= Bozo, Gar and Ray: WGN TV Classics =

Television special

Bozo, Gar & Ray: WGN TV Classics is a two-hour television special produced by WGN-TV in Chicago, Illinois which focuses on children's programming which aired on the station from 1955 to 2001. It debuted on December 24, 2005 and has been featured on both WGN-TV and its former superstation WGN America. The program is hosted by WGN-TV personality Dean Richards.

The retrospective airs annually, usually on Thanksgiving, as well as on Christmas Eve, on WGN. It historically aired immediately after WGN's coverage of the Chicago Thanksgiving Parade each Thanksgiving. Due to the COVID-19 pandemic cancellation of the 2020 Chicago Thanksgiving Parade, WGN aired Bozo, Gar & Ray: WGN TV Classics and a later compilation special, Bozo's Circus: The 1960s, in the parade's usual morning timeslot. After WGN lost the rights to the Chicago parade to WCHU and WAOE in 2021, it scheduled the specials in the same time slot as it had in 2020. In 2022, Bozo, Gar & Ray aired the following Sunday after Thanksgiving with Bozo's Circus: The 1960s and 1970s specials airing on Thanksgiving day.

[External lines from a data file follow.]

(* Let $(X,m)$ be a $\sigma$-finite measure space, let $1<p<\infty$, let $\gamma>0$, and let $\{T_t:t>0\}$ be a one-parameter family of sublinear operators on $L^p(X,m)$ (i.e. $|T_t(f+h)|\le|T_tf|+|T_th|$ and $|T_t(cf)|=|c||T_tf|$), with $(x,t)\mapsto T_tf(x)$ measurable for each $f$. Assume there is $C_p>0$ with $\|\sup_{t>0}|T_tf|\|_{L^p(X,m)}\le C_p\|f\|_{L^p(X,m)}$ for all $f\in L^p(X,m)$, and that $\lim_{t\to0+}T_tf(x)=f(x)$ for $m$-a.e. $x$, for all $f$ in a dense subclass of $L^p(X,m)$. Then for every $f\in L^p(X,m)$, with $$E_{\lambda,\gamma/p}=\{(x,t)\in X\times(0,\infty):|T_tf(x)|>\lambda t^{\gamma/p}\},$$ the limit below exists and $$\frac1\gamma\|f\|_{L^p(X,m)}^p\le\lim_{\lambda\to\infty}\lambda^p\iint_{E_{\lambda,\gamma/p}}t^{\gamma-1}\,dt\,dm(x)\le\sup_{\lambda>0}\lambda^p\iint_{E_{\lambda,\gamma/p}}t^{\gamma-1}\,dt\,dm(x)\le\frac{C_p^p}{\gamma}\|f\|_{L^p(X,m)}^p.$$ *)

theory Defs
  imports "HOL-Analysis.Analysis"
begin

definition Lp_space :: "'a measure \<Rightarrow> real \<Rightarrow> ('a \<Rightarrow> real) set" where
  "Lp_space M p = {f. f \<in> borel_measurable M \<and> integrable M (\<lambda>x. \<bar>f x\<bar> powr p)}"

definition Lp_norm :: "'a measure \<Rightarrow> real \<Rightarrow> ('a \<Rightarrow> real) \<Rightarrow> real" where
  "Lp_norm M p f = (\<integral>x. \<bar>f x\<bar> powr p \<partial>M) powr (1 / p)"

definition epow :: "ennreal \<Rightarrow> real \<Rightarrow> ennreal" where
  "epow a p = (if a = \<infinity> then \<infinity> else ennreal (enn2real a powr p))"

definition maximal_fun :: "(real \<Rightarrow> ('a \<Rightarrow> real) \<Rightarrow> 'a \<Rightarrow> real) \<Rightarrow> ('a \<Rightarrow> real) \<Rightarrow> 'a \<Rightarrow> ennreal" where
  "maximal_fun T f x = (SUP t\<in>{0<..}. ennreal \<bar>T t f x\<bar>)"

definition E_set :: "(real \<Rightarrow> ('a \<Rightarrow> real) \<Rightarrow> 'a \<Rightarrow> real) \<Rightarrow> ('a \<Rightarrow> real) \<Rightarrow> real \<Rightarrow> real \<Rightarrow> ('a \<times> real) set" where
  "E_set T f lam s = {(x, t). 0 < t \<and> \<bar>T t f x\<bar> > lam * t powr s}"

definition level_integral ::
  "'a measure \<Rightarrow> (real \<Rightarrow> ('a \<Rightarrow> real) \<Rightarrow> 'a \<Rightarrow> real) \<Rightarrow> ('a \<Rightarrow> real) \<Rightarrow> real \<Rightarrow> real \<Rightarrow> real \<Rightarrow> ennreal" where
  "level_integral M T f p \<gamma> lam =
     ennreal (lam powr p) *
     (\<integral>\<^sup>+ x. (\<integral>\<^sup>+ t. indicator (E_set T f lam (\<gamma> / p)) (x, t) * ennreal (t powr (\<gamma> - 1)) \<partial>lborel) \<partial>M)"

end

theory Submission
  imports Defs
begin

text \<open>
  If \<open>|T\<^sub>t f(x)| \<le> R(x)\<close> for almost every t > 0, then the t-section of
  \<open>E\<^sub>\<lambda>\<^sub>,\<^sub>\<gamma>\<^sub>/\<^sub>p\<close> lies in \<open>(0, (R(x)/\<lambda>)\<^bsup>p/\<gamma>\<^esup>)\<close>, whose \<open>t\<^bsup>\<gamma>-1\<^esup> dt\<close>-measure is
  \<open>R(x)\<^sup>p / (\<gamma> \<lambda>\<^sup>p)\<close>. With R the essential supremum of \<open>|T\<^sub>t f(x)|\<close> over t > 0, the
  maximal inequality yields the upper bound \<open>C\<^sup>p \<parallel>f\<parallel>\<^sup>p / \<gamma>\<close> for every \<lambda>. If moreover
  \<open>T\<^sub>t f(x) \<rightarrow> f(x)\<close>, the same computation near t = 0 shows that the x-integrand tends to
  \<open>|f(x)|\<^sup>p / \<gamma>\<close>, and dominated convergence gives the limit \<open>\<parallel>f\<parallel>\<^sup>p / \<gamma>\<close>.
  A general f is approximated by such g: by subadditivity the level set of f at level \<lambda> is
  covered by those of g at level \<open>(1-e)\<lambda>\<close> and of f - g at level \<open>e\<lambda>\<close>. The weak-type bound for
  f - g and convexity of \<open>|\<cdot>|\<^sup>p\<close> then squeeze the upper and lower limits for f, up to errors that
  vanish when first \<open>\<parallel>f - g\<parallel> \<rightarrow> 0\<close> and then \<open>e \<rightarrow> 0\<close>.
\<close>

section \<open>The level integral in the variable t\<close>

lemma nn_integral_powr_Ioo:
  fixes b g :: real
  assumes "b \<ge> 0" "g > 0"
  shows "(\<integral>\<^sup>+t. indicator {0<..<b} t * ennreal (t powr (g - 1)) \<partial>lborel) = ennreal (b powr g / g)"
proof -
  have "((\<lambda>x. x powr (g - 1)) has_integral (b powr (g - 1 + 1) / (g - 1 + 1))) {0..b}"
    by (rule has_integral_powr_from_0) (use assms in auto)
  then have "((\<lambda>x. x powr (g - 1)) has_integral (b powr g / g)) {0<..<b}"
    by (simp add: has_integral_Icc_iff_Ioo)
  from nn_integral_has_integral_lebesgue[OF _ this]
  have "(\<integral>\<^sup>+x. ennreal (indicator {0<..<b} x * x powr (g - 1)) \<partial>lborel) = ennreal (b powr g / g)"
    by simp
  then show ?thesis by (simp add: indicator_mult_ennreal mult.commute)
qed
lemma F_at_top: "(F \<longlongrightarrow> 1) at_top"
  using in_calF unfolding in_calF_def
  by (intro tendsto_eventually) (auto simp: eventually_at_top_linorder intro: exI[of _ 1])

sublocale M: real_distribution M
  using F_mono isCont_F F_at_bot F_at_top
  by (intro real_distribution_interval_measure) (auto intro: continuous_at_imp_continuous_at_within)

lemma cdf_M: "cdf M = F"
  using F_mono isCont_F F_at_bot
  by (intro cdf_interval_measure) (auto intro: continuous_at_imp_continuous_at_within)

lemma measure_M_atMost: "measure M {..a} = F a"
  using cdf_M by (simp add: cdf_def fun_eq_iff)

lemma AE_M_neq: "AE y in M. y \<noteq> c"
proof -
  have "measure M {c} = 0"
    using M.isCont_cdf[of c] isCont_F by (simp add: cdf_M)
  then show ?thesis
    by (intro AE_I[of _ _ "{c}"]) (auto simp: M.emeasure_eq_measure)
qed

lemma measure_M_lessThan: "measure M {..<a} = F a"
  using AE_M_neq[of a] by (subst measure_M_atMost[symmetric], intro measure_eq_AE) auto

lemma distr_M_reflect: "distr M borel (\<lambda>x. 1 - x) = M"
proof (rule cdf_unique)
  show "real_distribution (distr M borel (\<lambda>x. 1 - x))" by simp
  show "real_distribution M" by unfold_locales
  show "cdf (distr M borel (\<lambda>x. 1 - x)) = cdf M"
  proof
    fix a
    have "(\<lambda>x. 1 - x) -` {..a} \<inter> space M = space M - {..<1 - a}" by auto
    then have "cdf (distr M borel (\<lambda>x. 1 - x)) a = 1 - measure M {..<1 - a}"
      using M.prob_compl[of "{..<1 - a}"] by (simp add: cdf_def measure_distr)
    also have "\<dots> = cdf M a"
      by (simp add: measure_M_lessThan F_reflect cdf_M)
    finally show "cdf (distr M borel (\<lambda>x. 1 - x)) a = cdf M a" .
  qed
qed

sublocale P: pair_prob_space M M by unfold_locales

lemma space_P: "space P = UNIV"
  by (simp add: space_pair_measure)

lemma sets_P_Collect: "Measurable.pred P Q \<Longrightarrow> {p. Q p} \<in> sets P"
  by (simp add: pred_def space_P)

lemma measure_P_product_map:
  assumes f: "f \<in> borel_measurable borel" "distr M borel f = M"
    and h: "h \<in> borel_measurable borel" "distr M borel h = M"
    and A: "A \<in> sets P"
  shows "measure P {p. (f (fst p), h (snd p)) \<in> A} = measure P A"
proof -
  have fM: "f \<in> borel_measurable M" and hM: "h \<in> borel_measurable M"
    using f h by simp_all
  have "distr P (borel \<Otimes>\<^sub>M borel) (\<lambda>(x, y). (f x, h y)) = P"
    using pair_measure_distr[OF fM hM] f h by (simp add: M.sigma_finite_measure)
  then have "measure P A = measure (distr P (borel \<Otimes>\<^sub>M borel) (\<lambda>(x, y). (f x, h y))) A"
    by simp
  also have "\<dots> = measure P ((\<lambda>(x, y). (f x, h y)) -` A \<inter> space P)"
    using A fM hM by (intro measure_distr) auto
  finally show ?thesis
    by (simp add: space_P vimage_def case_prod_beta)
qed

lemma measure_P_swap:
  assumes "A \<in> sets P"
  shows "measure P {p. (snd p, fst p) \<in> A} = measure P A"
proof -
  have "measure P A = measure (distr P P (\<lambda>(x, y). (y, x))) A"
    by (simp flip: P.distr_pair_swap)
  also have "\<dots> = measure P ((\<lambda>(x, y). (y, x)) -` A \<inter> space P)"
    using assms by (intro measure_distr) auto
  finally show ?thesis
    by (simp add: space_P vimage_def case_prod_beta)
qed

lemma AE_P_finite_sections:
  assumes Q: "Measurable.pred P Q" and finite: "\<And>x. finite {y. \<not> Q (x, y)}"
  shows "AE p in P. Q p"
proof (rule P.AE_pair_measure)
  show "{p \<in> space P. Q p} \<in> sets P"
    using Q by (simp add: pred_def)
  show "AE x in M. AE y in M. Q (x, y)"
  proof (rule AE_I2)
    fix x
    have "AE y in M. \<forall>c\<in>{y. \<not> Q (x, y)}. y \<noteq> c"
      by (intro AE_finite_allI finite AE_M_neq)
    then show "AE y in M. Q (x, y)"
      by eventually_elim auto
  qed
qed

The show was created in response to the continuing popularity of WGN programming, including Bozo the Clown, which had been seen weekdays on WGN from 1960 to 1994 and weekly until 2001. Because most Bozo episodes were either wiped or never recorded, and because of scheduling constraints, rerunning the show was not an option. Thus, WGN decided to feature the best of existing recordings of its Bozo programs Bozo's Circus (1961–1980), Big Top (1965–1967), The Bozo Show (1980–1994) and The Bozo Super Sunday Show (1994–2001); as well as the long-running children's programs Garfield Goose and Friends, and Ray Rayner and His Friends, both of which are well known in Chicago although less known outside the area.

The special also features three animated shorts, all of which have aired on WGN-TV for many years: Hardrock, Coco and Joe: The Three Little Dwarfs; Suzy Snowflake; and the original 1954 UPA version of Frosty the Snowman (not to be confused with the 1969 Rankin/Bass version, which aired on CBS).

The program is not available on any home media format, although the animated shorts are available separately through the Museum of Broadcast Communications. Some of the Bozo content is available through The Museum of Classic Chicago Television, which hosts the content through a fair use gentlemen's agreement with WGN.

In 2019, WGN aired a special ahead of Thanksgiving called Bozo's Circus: The 1960s, a two-hour compilation of seldom-seen, remastered clips from the show during that decade. In 2021, a follow-up special called Bozo's Circus: The 1970s premiered. Both specials, along with Bozo, Gar and Ray, continue to air throughout the Thanksgiving and Christmas holidays each year.